lemma diophantine_small_divisors:
  assumes "diophantine \<tau> \<xi>" and "1 \<le> \<tau>" and "x \<in> \<rat>"
  obtains c where "c > 0"
    and "\<And>n. 0 < n \<Longrightarrow> c \<le> norm (e2pi x - e2pi \<xi> ^ n) * (1 + real n) powr (\<tau> - 1)"
proof -
  obtain p :: int and q :: nat where q: "q > 0" and x: "x = of_int p / real q"
    using \<open>x \<in> \<rat>\<close> by (metis Rats_cases' of_int_of_nat_eq zero_less_imp_eq_int of_int_pos)
  obtain \<gamma> where \<gamma>: "\<gamma> > 0"
    and approx: "\<And>P (Q::nat). Q > 0 \<Longrightarrow> \<gamma> * real Q powr (-\<tau>) \<le> \<bar>of_int P / real Q - \<xi>\<bar>"
    using \<open>diophantine \<tau> \<xi>\<close> by (auto simp: diophantine_def)
  obtain c0 where c0: "c0 > 0" "\<And>y. c0 * \<bar>y - of_int (round y)\<bar> \<le> norm (e2pi y - 1)"
    using norm_e2pi_sub_one_lower_bound by blast
  have "c0 * \<gamma> * real q powr (-\<tau>) \<le> norm (e2pi x - e2pi \<xi> ^ n) * (1 + real n) powr (\<tau> - 1)"
    if n: "n > 0" for n
  proof -
    define y where "y = x - real n * \<xi>"
    define k where "k = round y"
    have "y - of_int k = real n * (of_int (p - int q * k) / real (q * n) - \<xi>)"
      using q n by (simp add: y_def x field_simps)
    then have "real n * (\<gamma> * real (q * n) powr (-\<tau>)) \<le> \<bar>y - of_int k\<bar>"
      using q n approx[of "q * n" "p - int q * k"] by (simp add: abs_mult)
    also have "real n * (\<gamma> * real (q * n) powr (-\<tau>)) = \<gamma> * real q powr (-\<tau>) * real n powr (1 - \<tau>)"
      using q n by (simp add: powr_mult powr_diff powr_minus field_simps)
    finally have dist_int: "\<gamma> * real q powr (-\<tau>) * real n powr (1 - \<tau>) \<le> \<bar>y - of_int k\<bar>" .
    have "1 = real n powr (1 - \<tau>) * real n powr (\<tau> - 1)"
      using n by (simp flip: powr_add)
    also have "\<dots> \<le> real n powr (1 - \<tau>) * (1 + real n) powr (\<tau> - 1)"
      using n \<open>1 \<le> \<tau>\<close> by (intro mult_left_mono powr_mono2) auto
    finally have growth: "1 \<le> real n powr (1 - \<tau>) * (1 + real n) powr (\<tau> - 1)" .
    have "c0 * \<gamma> * real q powr (-\<tau>)
        \<le> c0 * (\<gamma> * real q powr (-\<tau>) * real n powr (1 - \<tau>)) * (1 + real n) powr (\<tau> - 1)"
      using mult_left_mono[OF growth, of "c0 * \<gamma> * real q powr (-\<tau>)"] c0(1) \<gamma>
      by (simp add: mult_ac)
    also have "\<dots> \<le> c0 * \<bar>y - of_int k\<bar> * (1 + real n) powr (\<tau> - 1)"
      using dist_int c0(1) by (intro mult_right_mono mult_left_mono) auto
    also have "\<dots> \<le> norm (e2pi y - 1) * (1 + real n) powr (\<tau> - 1)"
      using c0(2)[of y] by (intro mult_right_mono) (auto simp: k_def)
    also have "norm (e2pi y - 1) = norm (e2pi x - e2pi \<xi> ^ n)"
      by (simp add: y_def e2pi_power norm_e2pi_diff)
    finally show ?thesis .
  qed
  moreover have "c0 * \<gamma> * real q powr (-\<tau>) > 0"
    using c0(1) \<gamma> q by simp
  ultimately show ?thesis
    using that by blast
qed

lemma off_circle_not_in_hol_spectrum_rotation:
  assumes "norm \<beta> = 1" and "norm l \<noteq> 1"
  shows "l \<notin> hol_spectrum (\<lambda>f. f \<circ> (\<lambda>z. \<beta> * z))"
proof (rule not_in_hol_spectrum_rotationI[OF assms(1), where M = 0])
  show "0 < \<bar>norm l - 1\<bar>"
    using assms(2) by simp
  fix n
  have "\<bar>norm l - 1\<bar> \<le> norm (l - \<beta> ^ n)"
    using norm_triangle_ineq3[of l "\<beta> ^ n"] assms(1) by (simp add: norm_power)
  then show "\<bar>norm l - 1\<bar> \<le> norm (l - \<beta> ^ n) * (1 + real n) powr 0"
    by simp
qed

lemma rational_rotation_not_in_hol_spectrum:
  assumes "diophantine \<tau> \<xi>" and "1 \<le> \<tau>" and "x \<in> \<rat>" and "e2pi x \<noteq> 1"
  shows "e2pi x \<notin> hol_spectrum (\<lambda>f. f \<circ> (\<lambda>z. e2pi \<xi> * z))"
proof -
  obtain c where c: "c > 0"
    and bound: "\<And>n. 0 < n \<Longrightarrow> c \<le> norm (e2pi x - e2pi \<xi> ^ n) * (1 + real n) powr (\<tau> - 1)"
    using diophantine_small_divisors[OF assms(1-3)] by blast
  show ?thesis
  proof (rule not_in_hol_spectrum_rotationI[where c = "min c (norm (e2pi x - 1))" and M = "\<tau> - 1"])
    show "norm (e2pi \<xi>) = 1" and "0 < min c (norm (e2pi x - 1))"
      using c assms(4) by simp_all
    fix n
    show "min c (norm (e2pi x - 1)) \<le> norm (e2pi x - e2pi \<xi> ^ n) * (1 + real n) powr (\<tau> - 1)"
      using bound[of n] by (cases "n = 0") (auto intro: min.coboundedI1)
  qed
qed

theorem theorem4p2:
  fixes \<tau> \<xi> :: real and \<beta> :: complex
  assumes "\<tau> > 2" and "diophantine \<tau> \<xi>"
    and "\<beta> = exp (2 * complex_of_real pi * \<i> * complex_of_real \<xi>)"
  shows "{\<beta> ^ n | n::nat. True} \<subseteq> hol_spectrum (\<lambda>f. f \<circ> (\<lambda>z. \<beta> * z))
       \<and> hol_spectrum (\<lambda>f. f \<circ> (\<lambda>z. \<beta> * z))
           \<subseteq> {exp (2 * complex_of_real pi * \<i> * complex_of_real x) | x::real. x \<notin> \<rat>} \<union> {1}"
proof
  have \<beta>: "\<beta> = e2pi \<xi>"
    using assms(3) by (simp add: e2pi_def)
  then show "{\<beta> ^ n | n. True} \<subseteq> hol_spectrum (\<lambda>f. f \<circ> (\<lambda>z. \<beta> * z))"
    using power_in_hol_spectrum_rotation[of \<beta>] by auto
  show "hol_spectrum (\<lambda>f. f \<circ> (\<lambda>z. \<beta> * z))
      \<subseteq> {exp (2 * complex_of_real pi * \<i> * complex_of_real x) | x. x \<notin> \<rat>} \<union> {1}"
  proof
    fix l assume l: "l \<in> hol_spectrum (\<lambda>f. f \<circ> (\<lambda>z. \<beta> * z))"
    then have "norm l = 1"
      using off_circle_not_in_hol_spectrum_rotation[of \<beta> l] \<beta> by auto
    then obtain x where x: "l = e2pi x"
      using e2pi_Arg by blast
    have "x \<notin> \<rat>" if "l \<noteq> 1"
      using rational_rotation_not_in_hol_spectrum[OF assms(2), of x] assms(1) l that x \<beta> by auto
    then show "l \<in> {exp (2 * complex_of_real pi * \<i> * complex_of_real x) | x. x \<notin> \<rat>} \<union> {1}"
      using x by (auto simp: e2pi_def)
  qed
qed

end
(* For every $i\in\mathbb{N}$ there exists a one-way nondeterministic nonerasing stack automaton $A_i$ with $L(A_i)=L(x_i)$, where $x_i$ is Larsen's rewb defined below. In particular each $L(x_i)$ is a nonerasing stack language.
   Context: Alphabet $\Sigma=\{a_j^l,a_j^m,a_j^r : j\in\mathbb{N}\}$ (for fixed $i$ only the finitely many letters with $j\le i$ occur). Larsen's rewbs: $x_0=(a_0^la_0^ma_0^r)^\ast$ and $x_{i+1}=\big(a_{i+1}^l\,(_i\,x_i\,)_i\,a_{i+1}^m\,\backslash i\,a_{i+1}^r\big)^\ast$ for $i\ge0$ (capture labels are natural numbers $0,\dots,i-1$). Rewb semantics: with bracket symbols $[_j,]_j$ and number symbols $j$ for each label, $\mathcal{R}(x)$ is the regular language obtained by reading $x$ as a regular expression with $\backslash j$ as the letter $j$ and $(_j\beta)_j$ as $[_j\,\mathcal{R}(\beta)\,]_j$. Dereferencing: repeatedly take the leftmost number symbol $j$; if no $[_j$ lies to its left delete it; else take the nearest $[_j$ to its left; if no $]_j$ lies between them the result is undefined; else replace this $j$ by the string strictly between that $[_j$ and the first subsequent $]_j$ with all brackets erased; finally delete all brackets. $L(x)$ is the set of dereferenced strings of $\mathcal{R}(x)$. Stack automaton (SA): nondeterministic finite control, one-way read-only input, stack over $\Gamma$ with initial symbol $Z_0$ between bottom marker $\#$ and top marker $\$$; a pointer moves left/right reading symbols anywhere; only at the top symbol $Z$ may the machine replace $Z$ by $w\in\Gamma^\ast$; acceptance by final state after consuming the input. A nonerasing stack automaton is an SA in which every top replacement has the form $Z\mapsto Zw$ with $w\in\Gamma^\ast$. *)

theory Defs
  imports Main
begin
(* The shuffle algebra $K[S_\infty]=\bigoplus_{n\ge1}K[S_n]$, with $\sigma\bullet_\gamma\tau=(\sigma\times\tau)\cdot\gamma$ for $\sigma\in S_n$, $\tau\in S_m$, $\gamma\in Sh(n,m)$, equipped with the coproduct $\Delta_{MR}(\sigma)=\sum_{r=1}^{n-1}\mathrm{std}(\sigma(1),\dots,\sigma(r))\otimes\mathrm{std}(\sigma(r+1),\dots,\sigma(n))$ for $\sigma\in S_n$, is a shuffle bialgebra.
   Context: Permutations $\sigma\in S_n$ are written as words $(\sigma(1),\dots,\sigma(n))$; $1_n$ is the identity, and $\sigma\cdot\tau$ denotes composition, $(\sigma\cdot\tau)(i)=\sigma(\tau(i))$. For $\sigma\in S_n$, $\tau\in S_m$, $\sigma\times\tau\in S_{n+m}$ is $(\sigma(1),\dots,\sigma(n),\tau(1)+n,\dots,\tau(m)+n)$. For nonnegative integers $n_1,\dots,n_r$ with sum $n$, $Sh(n_1,\dots,n_r)$ is the set of $\sigma\in S_n$ such that $\sigma^{-1}(n_1+\dots+n_{k-1}+1)<\dots<\sigma^{-1}(n_1+\dots+n_k)$ for every $k$. For $n,m\ge0$, $\epsilon_{n,m}=(n+1,\dots,n+m,1,\dots,n)\in Sh(n,m)$. For a word of distinct integers, $\mathrm{std}$ denotes its standardization: the permutation obtained by replacing its $j$-th smallest letter by $j$. An element of $S_n$ has degree $n$. A shuffle algebra is a graded vector space $A=\bigoplus_{n\ge0}A_n$ over a field $K$ with linear maps $\bullet_\gamma:A_n\otimes A_m\to A_{n+m}$ for all $n,m\ge0$ and $\gamma\in Sh(n,m)$, such that for $x\in A_n$, $y\in A_m$, $z\in A_r$ one has $x\bullet_\gamma(y\bullet_\delta z)=(x\bullet_\sigma y)\bullet_\lambda z$ whenever $\gamma\in Sh(n,m+r)$, $\delta\in Sh(m,r)$, $\sigma\in Sh(n,m)$, $\lambda\in Sh(n+m,r)$ satisfy $(1_n\times\delta)\cdot\gamma=(\sigma\times1_r)\cdot\lambda$. Decomposition of shuffles: for $\gamma\in Sh(n,m)$ and $0\le r\le n+m$, put $n_1=|\gamma^{-1}(\{1,\dots,n\})\cap\{1,\dots,r\}|$ and $m_1=r-n_1$; there are unique $\gamma^r_{(1)}\in Sh(n_1,m_1)$ and $\gamma^{n+m-r}_{(2)}\in Sh(n-n_1,m-m_1)$ with $\gamma=(1_{n_1}\times\epsilon_{n-n_1,m_1}\times1_{m-m_1})\cdot(\gamma^r_{(1)}\times\gamma^{n+m-r}_{(2)})$. A shuffle bialgebra is a shuffle algebra $A$ with $A_0=0$ together with a coassociative coproduct $\Delta:A\to A\otimes A$ with $\Delta(A_n)\subseteq\bigoplus_{i=1}^{n-1}A_i\otimes A_{n-i}$, such that for $x\in A_n$, $y\in A_m$, $\gamma\in Sh(n,m)$: $\Delta(x\bullet_\gamma y)=\sum_{r=1}^{n+m-1}\sum(x_{(1)}\bullet_{\gamma^r_{(1)}}y_{(1)})\otimes(x_{(2)}\bullet_{\gamma^{n+m-r}_{(2)}}y_{(2)})$, where, with $\Delta_+(z)=z\otimes1+1\otimes z+\Delta(z)$ on $K1\oplus A$ ($1$ of degree $0$), the inner sum is over the homogeneous components $x_{(1)}\otimes x_{(2)}$ of $\Delta_+(x)$ with $|x_{(1)}|=n_1$ and $y_{(1)}\otimes y_{(2)}$ of $\Delta_+(y)$ with $|y_{(1)}|=m_1$, using the conventions $1\bullet_\tau z=z\bullet_\tau1=z$. *)

theory Defs
  imports Main "HOL-Library.Poly_Mapping"
begin
text \<open>Vectors of R^t are modelled as real^'t. Dual variables u in R^(n+p+m)
  are modelled as functions nat => real, of which only the entries 1..n+p+m
  (1-based, as in the paper) are relevant.\<close>

definition strongly_convex :: "real \<Rightarrow> ('a::real_normed_vector \<Rightarrow> real) \<Rightarrow> bool" where
  "strongly_convex \<mu> f \<longleftrightarrow>
     (\<forall>x y \<theta>. 0 \<le> \<theta> \<and> \<theta> \<le> 1 \<longrightarrow>
        f (\<theta> *\<^sub>R x + (1 - \<theta>) *\<^sub>R y)
          \<le> \<theta> * f x + (1 - \<theta>) * f y - \<mu> / 2 * \<theta> * (1 - \<theta>) * (norm (x - y))\<^sup>2)"

definition is_subgradient :: "('a::real_inner \<Rightarrow> real) \<Rightarrow> 'a \<Rightarrow> 'a \<Rightarrow> bool" where
  "is_subgradient g x s \<longleftrightarrow> (\<forall>y. g y \<ge> g x + inner s (y - x))"

definition dual_dom :: "nat \<Rightarrow> nat \<Rightarrow> nat \<Rightarrow> (nat \<Rightarrow> real) set" where
  "dual_dom n p m = {u. \<forall>i. n + p < i \<and> i \<le> n + p + m \<longrightarrow> u i \<ge> 0}"

text \<open>Lagrangian L_f(x,u). A j (1<=j<=n) is the j-th column of A,
  Brow j (1<=j<=p) is the j-th row of B, b j the j-th entry of b, g i the i-th constraint.\<close>
definition lagr ::
  "nat \<Rightarrow> nat \<Rightarrow> nat \<Rightarrow> (nat \<Rightarrow> real^'t) \<Rightarrow> (nat \<Rightarrow> real^'t) \<Rightarrow> (nat \<Rightarrow> real)
   \<Rightarrow> (real^'t \<Rightarrow> real) \<Rightarrow> (nat \<Rightarrow> real^'t \<Rightarrow> real) \<Rightarrow> real^'t \<Rightarrow> (nat \<Rightarrow> real) \<Rightarrow> real" where
  "lagr n p m A Brow b f g x u =
     f x + (\<Sum>j=1..n. u j * (inner (A j) x / real n))
         + (\<Sum>j=1..p. u (n + j) * (inner (Brow j) x + b j))
         + (\<Sum>i=1..m. u (n + p + i) * g i x)"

- _PROMPT_: For the word "blast", show every line of the entries that holds it.

- _EXPECTED OUTPUT_:
    using norm_e2pi_sub_one_lower_bound by blast
    using that by blast
    using diophantine_small_divisors[OF assms(1-3)] by blast
      using e2pi_Arg by blast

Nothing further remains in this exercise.